The woman turned toward Rikku as if she had been expecting her and smiled.

"Did that sphere wash up ashore?" Rikku asked, closely inspecting the woman's green eyes. They didn't have spiraled pupils.

"Yes, it came right to me. Would you like it?" Her tone was sultry and soft. Rikku shook her head.

"No, it's yours. Does it work? Have you watched it?" Rikku asked. Though she didn't want to keep it, she was still curious about it.

"No, there isn't anything to watch." She glanced down at the glowing sphere cradled in her arms and than back toward the horizon.

"Well, then it could be a dressphere," Rikku said.

"Lady Rikku," the woman turned toward her, startling Rikku a bit. She had no idea this woman had recognized her. "Keep it. It is not mine, but yours. I had a dream, and this isn't mine." She extended her hand out and released the sphere, which Rikku barely caught. She caught a chill from the sea breeze as the woman turned away from her.
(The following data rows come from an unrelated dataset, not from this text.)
(* Fix $p\in(0,1)$, $q=1-p$, and for $0\le k\le n$ let $w_{n,k}:=\frac{(n)_k}{n^k}q^{k(k+1)/2}$ with $(n)_k=n(n-1)\cdots(n-k+1)$ and $w_{n,0}=1$. Let $\nu_n$ be the stationary law of the careless count chain. There exist constants $0<c_p<C_p<\infty$ and an integer $M_p<\infty$ such that for all sufficiently large $n$ and all $M_p\le k\le n$, $c_pw_{n,k}\le\nu_n(k)\le C_pw_{n,k}$. In particular $\nu_n(n)=\Theta_p\!\left(\frac{n!}{n^n}q^{n(n+1)/2}\right)$.
   Context: The careless count chain $(K_t)$ on $\{0,\dots,n\}$: given $K_t=k$, with probability $k/n$ one has $K_{t+1}\sim\mathrm{Bin}(k,q)$, and with probability $(n-k)/n$ one has $K_{t+1}\sim\mathrm{Bin}(k+1,q)$. It is irreducible and aperiodic with unique stationary law $\nu_n$. $\Theta_p(\cdot)$ means bounded above and below by positive constants depending only on $p$. *)

theory Defs
  imports Complex_Main
begin

definition binom_pmf :: "nat \<Rightarrow> real \<Rightarrow> nat \<Rightarrow> real" where
  "binom_pmf m q j = real (m choose j) * q ^ j * (1 - q) ^ (m - j)"

definition careless_P :: "real \<Rightarrow> nat \<Rightarrow> nat \<Rightarrow> nat \<Rightarrow> real" where
  "careless_P p n k j =
     (real k / real n) * binom_pmf k (1 - p) j
     + (real (n - k) / real n) * binom_pmf (k + 1) (1 - p) j"

definition careless_stationary :: "real \<Rightarrow> nat \<Rightarrow> (nat \<Rightarrow> real) \<Rightarrow> bool" where
  "careless_stationary p n \<nu> \<longleftrightarrow>
     (\<forall>j. 0 \<le> \<nu> j) \<and> (\<forall>j>n. \<nu> j = 0) \<and> (\<Sum>j\<le>n. \<nu> j) = 1 \<and>
     (\<forall>j\<le>n. \<nu> j = (\<Sum>k\<le>n. \<nu> k * careless_P p n k j))"

text \<open>The (unique) stationary law \<nu>_n.\<close>
definition careless_nu :: "real \<Rightarrow> nat \<Rightarrow> nat \<Rightarrow> real" where
  "careless_nu p n = (THE \<nu>. careless_stationary p n \<nu>)"

definition careless_w :: "real \<Rightarrow> nat \<Rightarrow> nat \<Rightarrow> real" where
  "careless_w p n k = (\<Prod>i<k. real (n - i)) / real n ^ k * (1 - p) ^ (k * (k + 1) div 2)"

end
(* Let $\alpha\in[0,1]$ and $\beta\in\mathbb{N}_{\ge1}$, and let $V^\alpha_\beta(x)=(1-\alpha)x+\alpha\min\{x,\beta\}$. Let $\rho=\big(1-\alpha\,\beta^\beta e^{-\beta}/\beta!\big)^{-1}$ and define $F^\alpha_\beta:\mathbb{N}_{\ge1}\to\mathbb{R}$ recursively by $F^\alpha_\beta(1)=V^\alpha_\beta(1)$ and $$F^\alpha_\beta(x+1)=\max\Big\{\tfrac1\beta\big[xF^\alpha_\beta(x)-V^\alpha_\beta(x)\rho\big]+1,\;1-\alpha\Big\},\qquad x\ge1.$$ Let $\mathcal{G}$ be the set of all resource allocation games (with any finite number of players) in which every resource has welfare function $V^\alpha_\beta$. If every resource is assigned the local utility function $F^\alpha_\beta$, then $\mathrm{PoA}(\mathcal{G})=1/\rho$, and no other choice of a common local utility function achieves a larger price of anarchy on $\mathcal{G}$.
   Context: A resource allocation game consists of a finite player set $N=\{1,\dots,n\}$, a finite resource set $\mathcal{R}$, action sets $\mathcal{A}_i\subseteq 2^{\mathcal{R}}$, welfare functions $W_r:\mathbb{N}\to\mathbb{R}$ and local utility functions $F_r:\mathbb{N}\to\mathbb{R}$. For $a\in\mathcal{A}=\prod_i\mathcal{A}_i$, $|a|_r=|\{i: r\in a_i\}|$, $W(a)=\sum_{r\in\cup_ia_i}W_r(|a|_r)$, $U_i(a)=\sum_{r\in a_i}F_r(|a|_r)$. A pure Nash equilibrium is $a^{ne}$ with $U_i(a^{ne})\ge U_i(a_i,a^{ne}_{-i})$ for all $a_i\in\mathcal{A}_i$ and $i$. $\mathrm{PoA}(G)=\min_{a\in\mathrm{NE}(G)}W(a)/\max_{a\in\mathcal{A}}W(a)$; for a set of games, $\mathrm{PoA}$ is the infimum over the set. *)

theory Defs
  imports Complex_Main "HOL-Library.FuncSet"
begin

text \<open>All resources share the same welfare
  function W and the same local utility function F.\<close>

definition load :: "nat \<Rightarrow> (nat \<Rightarrow> nat set) \<Rightarrow> nat \<Rightarrow> nat" where
  "load n a r = card {i \<in> {..<n}. r \<in> a i}"

definition welfare :: "(nat \<Rightarrow> real) \<Rightarrow> nat \<Rightarrow> (nat \<Rightarrow> nat set) \<Rightarrow> real" where
  "welfare W n a = (\<Sum>r \<in> (\<Union>i<n. a i). W (load n a r))"

definition utility :: "(nat \<Rightarrow> real) \<Rightarrow> nat \<Rightarrow> (nat \<Rightarrow> nat set) \<Rightarrow> nat \<Rightarrow> real" where
  "utility F n a i = (\<Sum>r \<in> a i. F (load n a r))"

definition profiles :: "nat \<Rightarrow> (nat \<Rightarrow> nat set set) \<Rightarrow> (nat \<Rightarrow> nat set) set" where
  "profiles n A = PiE {..<n} A"

definition is_NE :: "(nat \<Rightarrow> real) \<Rightarrow> nat \<Rightarrow> (nat \<Rightarrow> nat set set) \<Rightarrow> (nat \<Rightarrow> nat set) \<Rightarrow> bool" where
  "is_NE F n A a \<longleftrightarrow> a \<in> profiles n A \<and>
     (\<forall>i<n. \<forall>b\<in>A i. utility F n (a(i := b)) i \<le> utility F n a i)"

definition valid_game :: "nat \<Rightarrow> nat set \<Rightarrow> (nat \<Rightarrow> nat set set) \<Rightarrow> bool" where
  "valid_game n R A \<longleftrightarrow> finite R \<and> (\<forall>i<n. A i \<noteq> {} \<and> A i \<subseteq> Pow R)"

definition opt_welfare :: "(nat \<Rightarrow> real) \<Rightarrow> nat \<Rightarrow> (nat \<Rightarrow> nat set set) \<Rightarrow> real" where
  "opt_welfare W n A = Max (welfare W n ` profiles n A)"

text \<open>Price of anarchy of a single game (convention: 1 if the optimal welfare is 0).\<close>
definition poa :: "(nat \<Rightarrow> real) \<Rightarrow> (nat \<Rightarrow> real) \<Rightarrow> nat \<Rightarrow> (nat \<Rightarrow> nat set set) \<Rightarrow> real" where
  "poa W F n A = (if opt_welfare W n A = 0 then 1
     else Inf ((\<lambda>a. welfare W n a / opt_welfare W n A) ` {a. is_NE F n A a}))"

definition poa_class :: "(nat \<Rightarrow> real) \<Rightarrow> (nat \<Rightarrow> real) \<Rightarrow> real" where
  "poa_class W F = Inf {poa W F n A | n R A. valid_game n R A}"

definition Vab :: "real \<Rightarrow> nat \<Rightarrow> nat \<Rightarrow> real" where
  "Vab \<alpha> \<beta> x = (1 - \<alpha>) * real x + \<alpha> * real (min x \<beta>)"

definition rho :: "real \<Rightarrow> nat \<Rightarrow> real" where
  "rho \<alpha> \<beta> = 1 / (1 - \<alpha> * real \<beta> ^ \<beta> * exp (- real \<beta>) / fact \<beta>)"

text \<open>F at 0 is irrelevant (never evaluated) and set to 0.\<close>
fun Fab :: "real \<Rightarrow> nat \<Rightarrow> nat \<Rightarrow> real" where
  "Fab \<alpha> \<beta> 0 = 0"
| "Fab \<alpha> \<beta> (Suc 0) = Vab \<alpha> \<beta> 1"
| "Fab \<alpha> \<beta> (Suc (Suc x)) =
     max ((1 / real \<beta>) * (real (Suc x) * Fab \<alpha> \<beta> (Suc x) - Vab \<alpha> \<beta> (Suc x) * rho \<alpha> \<beta>) + 1)
         (1 - \<alpha>)"

end

theory Submission
  imports Defs "HOL-Library.Nat_Bijection"
begin

(* Upper bound: Fab satisfies, for all loads x, y, z, the resourcewise smoothness inequality
   V (y + z) <= rho * V (x + z) - x * F (x + z) + y * F (x + z + 1). Summing the equilibrium
   conditions of the deviations towards an optimal profile then gives W(opt) <= rho * W(ne).
   The inequality is checked on closed forms of the recursion, in terms of partial sums of
   the exponential series at beta, which also show that the cut-off at 1 - alpha never acts.

   Lower bound: for any F, cyclic games whose resource types a <= N are weighted by the
   Poisson weights beta^a / a! have an equilibrium whose welfare is at most
   1 / rho + beta^N / N! times the optimum. *)

section \<open>Loads, potential and Nash equilibria\<close>

lemma load_split:
  assumes "i < n"
  shows "load n a r = card {j\<in>{..<n}. j \<noteq> i \<and> r \<in> a j} + (if r \<in> a i then 1 else 0)"
proof (cases "r \<in> a i")
  case True
  then have "{j\<in>{..<n}. r \<in> a j} = insert i {j\<in>{..<n}. j \<noteq> i \<and> r \<in> a j}"
    using assms by auto
  then show ?thesis using True unfolding load_def by simp
next
  case False
  then have "{j\<in>{..<n}. r \<in> a j} = {j\<in>{..<n}. j \<noteq> i \<and> r \<in> a j}" by auto
  then show ?thesis using False unfolding load_def by simp
qed

lemma load_fun_upd:
  assumes "i < n"
  shows "load n (a(i := b)) r = card {j\<in>{..<n}. j \<noteq> i \<and> r \<in> a j} + (if r \<in> b then 1 else 0)"
proof -
  have "{j\<in>{..<n}. j \<noteq> i \<and> r \<in> (a(i := b)) j} = {j\<in>{..<n}. j \<noteq> i \<and> r \<in> a j}" by auto
  then show ?thesis using load_split[OF assms, of "a(i := b)" r] by simp
qed

lemma finite_profiles: "valid_game n R A \<Longrightarrow> finite (profiles n A)"
  unfolding valid_game_def profiles_def
  by (intro finite_PiE) (auto intro: finite_subset)

lemma profiles_nonempty: "valid_game n R A \<Longrightarrow> profiles n A \<noteq> {}"
  unfolding valid_game_def profiles_def PiE_eq_empty_iff by auto

lemma profile_subset: "valid_game n R A \<Longrightarrow> a \<in> profiles n A \<Longrightarrow> i < n \<Longrightarrow> a i \<subseteq> R"
  unfolding valid_game_def profiles_def by (auto dest!: PiE_mem)

lemma profiles_fun_upd: "a \<in> profiles n A \<Longrightarrow> i < n \<Longrightarrow> b \<in> A i \<Longrightarrow> a(i := b) \<in> profiles n A"
  using PiE_fun_upd[of b A i a "{..<n}"] unfolding profiles_def by (simp add: insert_absorb)

lemma welfare_eq_sum_resources:
  assumes G: "valid_game n R A" and a: "a \<in> profiles n A" and W0: "W 0 = 0"
  shows "welfare W n a = (\<Sum>r\<in>R. W (load n a r))"
proof -
  have "(\<Union>i<n. a i) \<subseteq> R" using profile_subset[OF G a] by auto
  moreover have "finite R" using G unfolding valid_game_def by simp
  moreover have "W (load n a r) = 0" if "r \<in> R - (\<Union>i<n. a i)" for r
  proof -
    have "load n a r = 0" using that unfolding load_def by auto
    then show ?thesis using W0 by simp
  qed
  ultimately show ?thesis unfolding welfare_def by (intro sum.mono_neutral_left) auto
qed

lemma sum_sum_eq_count:
  fixes h :: "nat \<Rightarrow> real" and n :: nat
  assumes "finite R" "\<And>i. i < n \<Longrightarrow> S i \<subseteq> R"
  shows "(\<Sum>i<n. \<Sum>r\<in>S i. h r) = (\<Sum>r\<in>R. real (card {i\<in>{..<n}. r \<in> S i}) * h r)"
proof -
  have "(\<Sum>i<n. \<Sum>r\<in>S i. h r) = (\<Sum>i<n. \<Sum>r\<in>R. if r \<in> S i then h r else 0)"
  proof (rule sum.cong[OF refl])
    fix i assume "i \<in> {..<n}"
    then have "R \<inter> S i = S i" using assms(2) by auto
    then show "(\<Sum>r\<in>S i. h r) = (\<Sum>r\<in>R. if r \<in> S i then h r else 0)"
      using sum.inter_restrict[OF assms(1), of h "S i"] by simp
  qed
  also have "\<dots> = (\<Sum>r\<in>R. \<Sum>i<n. if r \<in> S i then h r else 0)" by (rule sum.swap)
  also have "\<dots> = (\<Sum>r\<in>R. real (card {i\<in>{..<n}. r \<in> S i}) * h r)"
  proof (rule sum.cong[OF refl])
    fix r
    have "(\<Sum>i<n. if r \<in> S i then h r else 0) = (\<Sum>i\<in>{i\<in>{..<n}. r \<in> S i}. h r)"
      by (rule sum.inter_filter[symmetric]) simp
    then show "(\<Sum>i<n. if r \<in> S i then h r else 0) = real (card {i\<in>{..<n}. r \<in> S i}) * h r"
      by simp
  qed
  finally show ?thesis .
qed

definition potential_term :: "(nat \<Rightarrow> real) \<Rightarrow> nat \<Rightarrow> real" where
  "potential_term F m = (\<Sum>k<m. F (Suc k))"

lemma utility_change_eq_potential_change:
  assumes G: "valid_game n R A" and a: "a \<in> profiles n A" and i: "i < n" and b: "b \<in> A i"
  shows "utility F n (a(i := b)) i - utility F n a i =
         (\<Sum>r\<in>R. potential_term F (load n (a(i := b)) r)) - (\<Sum>r\<in>R. potential_term F (load n a r))"
proof -
  define c where "c r = card {j\<in>{..<n}. j \<noteq> i \<and> r \<in> a j}" for r
  have fin: "finite R" using G unfolding valid_game_def by simp
  have load_a: "load n a r = c r + (if r \<in> a i then 1 else 0)" for r
    using load_split[OF i] c_def by simp
  have load_b: "load n (a(i := b)) r = c r + (if r \<in> b then 1 else 0)" for r
    using load_fun_upd[OF i] c_def by simp
  have "b \<subseteq> R" using G i b unfolding valid_game_def by auto
  then have u1: "utility F n (a(i := b)) i = (\<Sum>r\<in>R. if r \<in> b then F (Suc (c r)) else 0)"
    unfolding utility_def load_b using fin
    by (simp add: sum.If_cases Int_absorb1)
  have "a i \<subseteq> R" using profile_subset[OF G a i] .
  then have u2: "utility F n a i = (\<Sum>r\<in>R. if r \<in> a i then F (Suc (c r)) else 0)"
    unfolding utility_def load_a using fin
    by (simp add: sum.If_cases Int_absorb1)
  have "potential_term F (load n (a(i := b)) r) - potential_term F (load n a r) =
      (if r \<in> b then F (Suc (c r)) else 0) - (if r \<in> a i then F (Suc (c r)) else 0)" for r
    unfolding load_a load_b potential_term_def by simp
  then show ?thesis unfolding u1 u2 sum_subtractf[symmetric] by simp
qed

text \<open>Rosenthal's argument: by the previous lemma, a profile maximising the potential
  admits no profitable unilateral deviation.\<close>

lemma NE_exists:
  assumes G: "valid_game n R A"
  shows "\<exists>a. is_NE F n A a"
proof -
  define \<Phi> where "\<Phi> a = (\<Sum>r\<in>R. potential_term F (load n a r))" for a
  have fin: "finite (\<Phi> ` profiles n A)" using finite_profiles[OF G] by simp
  obtain a where a: "a \<in> profiles n A" "\<Phi> a = Max (\<Phi> ` profiles n A)"
    using Max_in[OF fin] profiles_nonempty[OF G] by fastforce
  have "is_NE F n A a"
    unfolding is_NE_def
  proof (intro conjI allI impI ballI)
    fix i b assume i: "i < n" and b: "b \<in> A i"
    have "\<Phi> (a(i := b)) \<le> \<Phi> a" unfolding a(2) using fin profiles_fun_upd[OF a(1) i b] by simp
    then show "utility F n (a(i := b)) i \<le> utility F n a i"
      using utility_change_eq_potential_change[OF G a(1) i b, of F] unfolding \<Phi>_def by simp
  qed (rule a(1))
  then show ?thesis by blast
qed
"Wait, what are you talking about?" Rikku yelled after her. The woman continued walking until she reached a brush at the end of the beach and disappeared through the thicket. The sand suddenly seemed alien and glossy under the sun's glow. She needed to get away from the beach. She put the sphere away, because it kept picking up the sunlight like a magnet.

"Only me. Only this kind of crap happens to me," she muttered and pouted looking at the strange sphere in her hands. "Now I know how Yunie feels. Some people are creepy."

Noting that the tide had risen some since she began her promenade, she turned back, not willing to chase after the woman. It had been a harmless gift after all, and maybe she could get use of it. Too tired and a little resistant to try it on when she got to her room, she placed it in her bag and decided to sleep. The Den of Woe took precedence over everything else, so she drank some calming tea they sold down at gift shop and tried to sleep. It would be the most sleep she would have for a while.